Cautionary Note Regarding Forward-Looking Statements

This Quarterly Report includes forward-looking statements. These forward-looking statements are based on our current expectations and beliefs concerning future developments and their potential effects on us. There can be no assurance that future developments affecting us will be those that we have anticipated. These forward-looking statements involve a number of risks, uncertainties (some of which are beyond our control) or other assumptions that may cause actual results or performance to be materially different from those expressed or implied by these forward-looking statements. Our forward-looking statements include, but are not limited to, statements regarding our or our management team's expectations, hopes, beliefs, intentions or strategies regarding the future. In addition, any statements that refer to projections, forecasts or other characterizations of future events or circumstances, including any underlying assumptions, are forward-looking statements. For example, statements made relating to future business combinations, use of proceeds of past securities offerings, future loans and conversions of warrants are forward-looking statements. The words "anticipate," "believe," "continue," "could," "estimate," "expect," "intends," "may," "might," "plan," "possible," "potential," "predict," "project," "should," "would" and similar expressions may identify forward-looking statements, but the absence of these words does not mean that a statement is not forward-looking. Factors that might cause or contribute to such forward-looking statements include, but are not limited to, those set forth in the Risk Factors section of the Company's final prospectus for its initial public offering of units (the "Public Offering") filed with the U.S. Securities and Exchange Commission. The following discussion should be read in conjunction with our financial statements and related notes thereto included elsewhere in this Quarterly Report.

Overview

We are a blank check company incorporated as a Delaware corporation and formed for the purpose of effecting a merger, capital stock exchange, asset acquisition, stock purchase reorganization or similar business combination with one or more businesses ("Business Combination").
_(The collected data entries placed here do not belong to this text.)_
lemma sum_cmod_sq_pos_if_nonzero:
  assumes "v \<in> carrier_vec n" and "v \<noteq> 0\<^sub>v n"
  shows "0 < (\<Sum>j<n. (cmod (vec_index v j))\<^sup>2)"
proof -
  obtain j where j: "j < n" "vec_index v j \<noteq> 0"
    using assms by (metis eq_vecI carrier_vecD index_zero_vec)
  have "0 < (cmod (vec_index v j))\<^sup>2" using j by simp
  also have "\<dots> \<le> (\<Sum>j<n. (cmod (vec_index v j))\<^sup>2)"
    by (rule member_le_sum[where f="\<lambda>k. (cmod (vec_index v k))\<^sup>2"]) (use j in auto)
  finally show ?thesis .
qed

lemma gram_eigenvalue_ge_if_left_inverse_rows:
  fixes A T :: "real mat"
  assumes A: "A \<in> carrier_mat L J" and T: "T \<in> carrier_mat J J"
    and ls: "\<forall>i<J. ls i < L"
    and TS: "T * mat J J (\<lambda>(i,j). A $$ (ls i, j)) = 1\<^sub>m J"
    and ev: "eigenvalue (map_mat complex_of_real (transpose_mat A * A)) z"
  shows "z = of_real (Re z) \<and> 1 / (real J * (\<Sum>j<J. \<Sum>i<J. (T $$ (j,i))\<^sup>2)) \<le> Re z"
proof -
  obtain v where v: "eigenvector (map_mat complex_of_real (transpose_mat A * A)) v z"
    using ev unfolding eigenvalue_def by blast
  define K where "K = (\<Sum>j<J. \<Sum>i<J. (T $$ (j,i))\<^sup>2)"
  define w where "w k = (\<Sum>m<J. complex_of_real (A $$ (k,m)) * vec_index v m)" for k
  define N where "N = (\<Sum>j<J. (cmod (vec_index v j))\<^sup>2)"
  define W where "W = (\<Sum>k<L. (cmod (w k))\<^sup>2)"
  have K_nonneg: "0 \<le> K" unfolding K_def by (simp add: sum_nonneg)
  have z_N: "z * of_real N = of_real W"
    using gram_eigenvector_rayleigh[OF A v] unfolding N_def W_def w_def .
  have N_pos: "0 < N"
    unfolding N_def using v A by (intro sum_cmod_sq_pos_if_nonzero) (auto simp: eigenvector_def)
  have "(\<Sum>i<J. (cmod (\<Sum>m<J. of_real (mat J J (\<lambda>(i,j). A $$ (ls i, j)) $$ (i,m)) * vec_index v m))\<^sup>2)
      = (\<Sum>i<J. (cmod (w (ls i)))\<^sup>2)"
    unfolding w_def by (auto intro!: sum.cong)
  then have "N \<le> K * (\<Sum>i<J. (cmod (w (ls i)))\<^sup>2)"
    using sum_cmod_sq_le_left_inverse[OF T _ TS, of "vec_index v"] by (simp add: N_def K_def)
  also have "\<dots> \<le> K * (real J * W)"
  proof (rule mult_left_mono[OF _ K_nonneg])
    have "(cmod (w (ls i)))\<^sup>2 \<le> W" if "i < J" for i
      unfolding W_def using ls that
      by (intro member_le_sum[where f="\<lambda>k. (cmod (w k))\<^sup>2"]) auto
    then show "(\<Sum>i<J. (cmod (w (ls i)))\<^sup>2) \<le> real J * W"
      using sum_mono[of "{..<J}" "\<lambda>i. (cmod (w (ls i)))\<^sup>2" "\<lambda>_. W"] by simp
  qed
  finally have N_le: "N \<le> real J * K * W" by (simp add: mult_ac)
  then have "real J * K \<noteq> 0" using N_pos by (metis mult_zero_left not_le)
  moreover have "0 \<le> real J * K" using K_nonneg by simp
  ultimately have "0 < real J * K" by (metis order_le_neq_trans)
  then have "N / (real J * K) \<le> W" using N_le by (simp add: pos_divide_le_eq mult_ac)
  then have bound: "1 / (real J * K) \<le> W / N" using N_pos by (simp add: le_divide_eq)
  have z_eq: "z = of_real (W / N)" using z_N N_pos by (simp add: eq_divide_eq)
  then have Re_z: "Re z = W / N" by simp
  show ?thesis
  proof
    show "z = of_real (Re z)" using z_eq by simp
    show "1 / (real J * (\<Sum>j<J. \<Sum>i<J. (T $$ (j,i))\<^sup>2)) \<le> Re z"
      by (simp only: K_def[symmetric] Re_z bound)
  qed
qed

lemma proots_prod_list_linear: "proots (\<Prod>r\<leftarrow>rs. [:- r, 1:]) = mset (rs :: 'a :: idom list)"
proof (induction rs)
  case (Cons r rs)
  have "(\<Prod>r\<leftarrow>rs. [:- r, 1:]) \<noteq> 0"
    by auto
  then have "proots (\<Prod>r\<leftarrow>r # rs. [:- r, 1:]) = proots [:- r, 1:] + proots (\<Prod>r\<leftarrow>rs. [:- r, 1:])"
    unfolding list.map prod_list.Cons by (intro proots_mult) auto
  then show ?case using Cons.IH by (metis minus_minus proots_linear_factor mset.simps(2) add_mset_add_single union_commute)
qed simp

lemma char_poly_eq_prod_real_eigenvalues:
  fixes M :: "real mat"
  assumes M: "M \<in> carrier_mat n n"
    and real: "\<And>z. eigenvalue (map_mat complex_of_real M) z \<Longrightarrow> z = of_real (Re z)"
  shows "\<exists>rs. char_poly M = (\<Prod>r\<leftarrow>rs. [:- r, 1:]) \<and> length rs = n \<and>
    (\<forall>r \<in> set rs. eigenvalue (map_mat complex_of_real M) (of_real r))"
proof -
  interpret of_real_poly: map_poly_inj_comm_ring_hom "of_real :: real \<Rightarrow> complex" ..
  define Mc where "Mc = map_mat complex_of_real M"
  have Mc: "Mc \<in> carrier_mat n n" using M by (simp add: Mc_def)
  obtain as where as: "char_poly Mc = (\<Prod>a\<leftarrow>as. [:- a, 1:])" and length_as: "length as = n"
    using char_poly_factorized[OF Mc] by blast
  have as_eigenvalue: "eigenvalue Mc a" if "a \<in> set as" for a
  proof -
    have "poly (char_poly Mc) a = 0" unfolding as using that by (rule linear_poly_root)
    then show ?thesis using eigenvalue_root_char_poly[OF Mc] by blast
  qed
  then have as_real: "a = of_real (Re a)" if "a \<in> set as" for a
    using real that unfolding Mc_def by blast
  define rs where "rs = map Re as"
  have "map_poly of_real (\<Prod>r\<leftarrow>rs. [:- r, 1:]) = (\<Prod>r\<leftarrow>rs. [:- complex_of_real r, 1:])"
    by (simp add: of_real_poly.hom_prod_list o_def)
  also have "\<dots> = (\<Prod>a\<leftarrow>as. [:- a, 1:])"
  proof -
    have "map (\<lambda>a. [:- complex_of_real (Re a), 1:]) as = map (\<lambda>a. [:- a, 1:]) as"
      by (rule map_cong[OF refl]) (metis as_real)
    then show ?thesis unfolding rs_def map_map o_def by (rule arg_cong)
  qed
  also have "\<dots> = map_poly of_real (char_poly M)"
    using as of_real_hom.char_poly_hom[OF M] unfolding Mc_def by metis
  finally have "char_poly M = (\<Prod>r\<leftarrow>rs. [:- r, 1:])" by simp
  moreover have "eigenvalue Mc (of_real r)" if "r \<in> set rs" for r
    using that as_eigenvalue as_real unfolding rs_def by auto
  moreover have "length rs = n" using length_as by (simp add: rs_def)
  ultimately show ?thesis unfolding Mc_def by blast
qed

lemma sigma_sv_ge_if_gram_eigenvalues_ge:
  fixes A :: "real mat"
  assumes A: "A \<in> carrier_mat L J" and J: "0 < J"
    and ev: "\<And>z. eigenvalue (map_mat complex_of_real (transpose_mat A * A)) z
               \<Longrightarrow> z = of_real (Re z) \<and> b \<le> Re z"
  shows "sqrt b \<le> sigma_sv J A"
proof -
  have "transpose_mat A * A \<in> carrier_mat J J" using A by simp
  then obtain rs where char_poly: "char_poly (transpose_mat A * A) = (\<Prod>r\<leftarrow>rs. [:- r, 1:])"
    and length_rs: "length rs = J"
    and rs_ge: "\<forall>r \<in> set rs. b \<le> r"
    using char_poly_eq_prod_real_eigenvalues[of "transpose_mat A * A" J] ev by fastforce
  define xs where "xs = sorted_list_of_multiset (mset rs)"
  have mset_xs: "mset xs = mset rs" by (simp add: xs_def)
  then have length_xs: "length xs = J" using length_rs by (metis size_mset)
  have "sigma_sv J A = sqrt (rev xs ! (J - 1))"
    unfolding sigma_sv_def singular_values_desc_def
    using char_poly length_xs J by (simp add: proots_prod_list_linear xs_def)
  moreover have "rev xs ! (J - 1) \<in> set rs"
    using length_xs J mset_xs by (metis diff_less less_one nth_mem set_rev length_rev set_mset_mset)
  ultimately show ?thesis using rs_ge by simp
qed

definition rat_interval :: "nat \<Rightarrow> real set" where
  "rat_interval k = (case from_nat k :: rat \<times> rat of (a, b) \<Rightarrow> {of_rat a .. of_rat b})"

lemma rat_interval_borel [measurable]: "rat_interval k \<in> sets borel"
  by (simp add: rat_interval_def split: prod.split)

lemma rat_interval_surj:
  assumes "a \<in> \<rat>" "b \<in> \<rat>"
  shows "\<exists>k. rat_interval k = {a..b}"
proof -
  obtain qa qb where "a = of_rat qa" "b = of_rat qb" using assms Rats_cases by metis
  then show ?thesis by (intro exI[of _ "to_nat (qa, qb)"]) (simp add: rat_interval_def)
qed

lemma integrable_indicator_rat_interval_mult:
  fixes g :: "real \<Rightarrow> real"
  assumes "continuous_on UNIV g"
  shows "integrable lborel (\<lambda>x. indicator (rat_interval k) x * g x)"
proof -
  have "compact (rat_interval k)" by (simp add: rat_interval_def split: prod.split)
  moreover have "continuous_on (rat_interval k) g" using assms by (rule continuous_on_subset) simp
  ultimately show ?thesis using borel_integrable_compact[of "rat_interval k" g] by simp
qed

lemma rat_interval_integral_pos:
  fixes g :: "real \<Rightarrow> real"
  assumes g: "continuous_on UNIV g" and x0: "0 < g x0"
  shows "\<exists>k. 0 < (\<integral>x. indicator (rat_interval k) x * g x \<partial>lborel)"
proof -
  have "isCont g x0" using g by (simp add: continuous_on_eq_continuous_at)
  then obtain d where d: "0 < d" and near: "\<And>x. dist x x0 < d \<Longrightarrow> dist (g x) (g x0) < g x0 / 2"
    using x0 unfolding continuous_at_eps_delta by (metis half_gt_zero)
  obtain a where a: "a \<in> \<rat>" "x0 - d < a" "a < x0" using Rats_dense_in_real[of "x0 - d" x0] d by auto
  obtain b where b: "b \<in> \<rat>" "x0 < b" "b < x0 + d" using Rats_dense_in_real[of x0 "x0 + d"] d by auto
  obtain k where k: "rat_interval k = {a..b}" using rat_interval_surj[OF a(1) b(1)] by blast
  have ge: "indicator {a..b} x * (g x0 / 2) \<le> indicator {a..b} x * g x" for x
  proof (cases "x \<in> {a..b}")
    case True
    then have "dist (g x) (g x0) < g x0 / 2" using a b by (intro near) (auto simp: dist_real_def)
    then have "g x0 / 2 < g x" unfolding dist_real_def by arith
    then show ?thesis using True by simp
  qed simp
  have "0 < (b - a) * (g x0 / 2)" using a b x0 by simp
  also have "\<dots> = (\<integral>x. indicator {a..b} x * (g x0 / 2) \<partial>lborel)" using a b by simp
  also have "\<dots> \<le> (\<integral>x. indicator {a..b} x * g x \<partial>lborel)"
    using integrable_indicator_rat_interval_mult[OF g, of k] a b
    by (intro integral_mono[OF _ _ ge]) (auto simp: k)
  finally show ?thesis using k by metis
qed

lemma continuous_eq_0_if_rat_interval_integrals_eq_0:
  fixes g :: "real \<Rightarrow> real"
  assumes g: "continuous_on UNIV g"
    and integrals: "\<And>k. (\<integral>x. indicator (rat_interval k) x * g x \<partial>lborel) = 0"
  shows "g x = 0"
proof (rule ccontr)
  assume "g x \<noteq> 0"
  then consider "0 < g x" | "0 < - g x" by linarith
  then show False
  proof cases
    case 1
    then show False using rat_interval_integral_pos[OF g] integrals by (metis less_irrefl)
  next
    case 2
    have "continuous_on UNIV (\<lambda>x. - g x)" using g by (intro continuous_intros)
    from rat_interval_integral_pos[OF this 2] integrals show False by simp
  qed
qed

lemma assumption_A4_continuous:
  assumes "assumption_A4 J f" and "j < J"
  shows "continuous_on UNIV (f j)"
  using assms unfolding assumption_A4_def holder_space_def bounded_cont_def
  by (metis funpow_0 le0)

lemma rat_interval_moments_independent:
  fixes f :: "nat \<Rightarrow> real \<Rightarrow> real"
  assumes A3: "assumption_A3 J f" and cont: "\<And>j. j < J \<Longrightarrow> continuous_on UNIV (f j)"
    and c: "\<forall>l. (\<Sum>j<J. c j * (\<integral>x. indicator (rat_interval l) x * f j x \<partial>lborel)) = 0"
  shows "\<forall>j<J. c j = 0"
proof -
  define g where "g x = (\<Sum>j<J. c j * f j x)" for x
  have g: "continuous_on UNIV g"
    unfolding g_def by (intro continuous_intros) (use cont in auto)
  have "(\<integral>x. indicator (rat_interval l) x * g x \<partial>lborel)
      = (\<Sum>j<J. c j * (\<integral>x. indicator (rat_interval l) x * f j x \<partial>lborel))" for l
  proof -
    have "(\<integral>x. indicator (rat_interval l) x * g x \<partial>lborel)
        = (\<integral>x. (\<Sum>j<J. c j * (indicator (rat_interval l) x * f j x)) \<partial>lborel)"
      unfolding g_def by (simp add: sum_distrib_left mult_ac)
    also have "\<dots> = (\<Sum>j<J. c j * (\<integral>x. indicator (rat_interval l) x * f j x \<partial>lborel))"
      using integrable_indicator_rat_interval_mult[OF cont] by simp
    finally show ?thesis .
  qed
  then have "g x = 0" for x
    using continuous_eq_0_if_rat_interval_integrals_eq_0[OF g] c by simp
  then show ?thesis using A3 unfolding assumption_A3_def g_def by blast
qed

lemma sigma_sv_row_truncations_bounded_below:
  fixes H :: "nat \<Rightarrow> nat \<Rightarrow> real"
  assumes J: "0 < J" and indep: "\<And>c. \<forall>l. (\<Sum>j<J. c j * H l j) = 0 \<Longrightarrow> \<forall>j<J. c j = 0"
  shows "\<exists>C>0. \<exists>Lbar. \<forall>L0 \<ge> Lbar. C \<le> sigma_sv J (mat L0 J (\<lambda>(l,j). H l j))"
proof -
  obtain ls where "det (mat J J (\<lambda>(i,j). H (ls i) j)) \<noteq> 0"
    using exists_nonsingular_row_selection[OF indep] by blast
  then obtain T where T: "T \<in> carrier_mat J J" and TS: "T * mat J J (\<lambda>(i,j). H (ls i) j) = 1\<^sub>m J"
    using exists_left_inverse_if_det_nonzero[OF mat_carrier] by blast
  define C where "C = sqrt (1 / (real J * (\<Sum>j<J. \<Sum>i<J. (T $$ (j,i))\<^sup>2)))"
  define Lbar where "Lbar = Suc (Max (ls ` {..<J}))"
  have "C \<le> sigma_sv J (mat L0 J (\<lambda>(l,j). H l j))" if "Lbar \<le> L0" for L0
  proof -
    have "ls i \<le> Max (ls ` {..<J})" if "i < J" for i
      using that by (intro Max_ge) auto
    then have ls: "\<forall>i<J. ls i < L0"
      using that unfolding Lbar_def by (meson le_less_trans lessI le_trans not_le)
    then have "mat J J (\<lambda>(i,j). mat L0 J (\<lambda>(l,j). H l j) $$ (ls i, j)) = mat J J (\<lambda>(i,j). H (ls i) j)"
      by (intro eq_matI) auto
    then show ?thesis unfolding C_def using J TS
      by (intro sigma_sv_ge_if_gram_eigenvalues_ge gram_eigenvalue_ge_if_left_inverse_rows[OF _ T ls]) auto
  qed
  moreover have "0 < C"
    using sum_sq_entries_pos_if_left_inverse[OF T _ TS J] J by (simp add: C_def)
  ultimately show ?thesis by blast
qed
Business Combination. We consummated the Public Offering on March 29, 2021. We intend to use the cash proceeds from our public offering and the private placement of warrants described below as well as additional issuances, if any, of our capital stock, debt or a combination of cash, stock and debt to complete the Business Combination.

We expect to incur significant costs in the pursuit of our acquisition plans. There can be no assurance that our plans to raise capital or to complete our initial Business Combination will be successful.

The Company's management team is led by Tilman Fertitta, our Co-Chairman and Chief Executive Officer, and Richard Handler, our Co-Chairman and President. Mr. Fertitta is the sole shareholder of TJF, LLC ("TJF") and Mr. Handler is the Chief Executive Officer of Jefferies Financial Group Inc. ("JFG"), and its largest operating subsidiary, Jefferies Group LLC, a global investment banking firm. The Company's sponsors are TJF and JFG (collectively, the "Sponsors").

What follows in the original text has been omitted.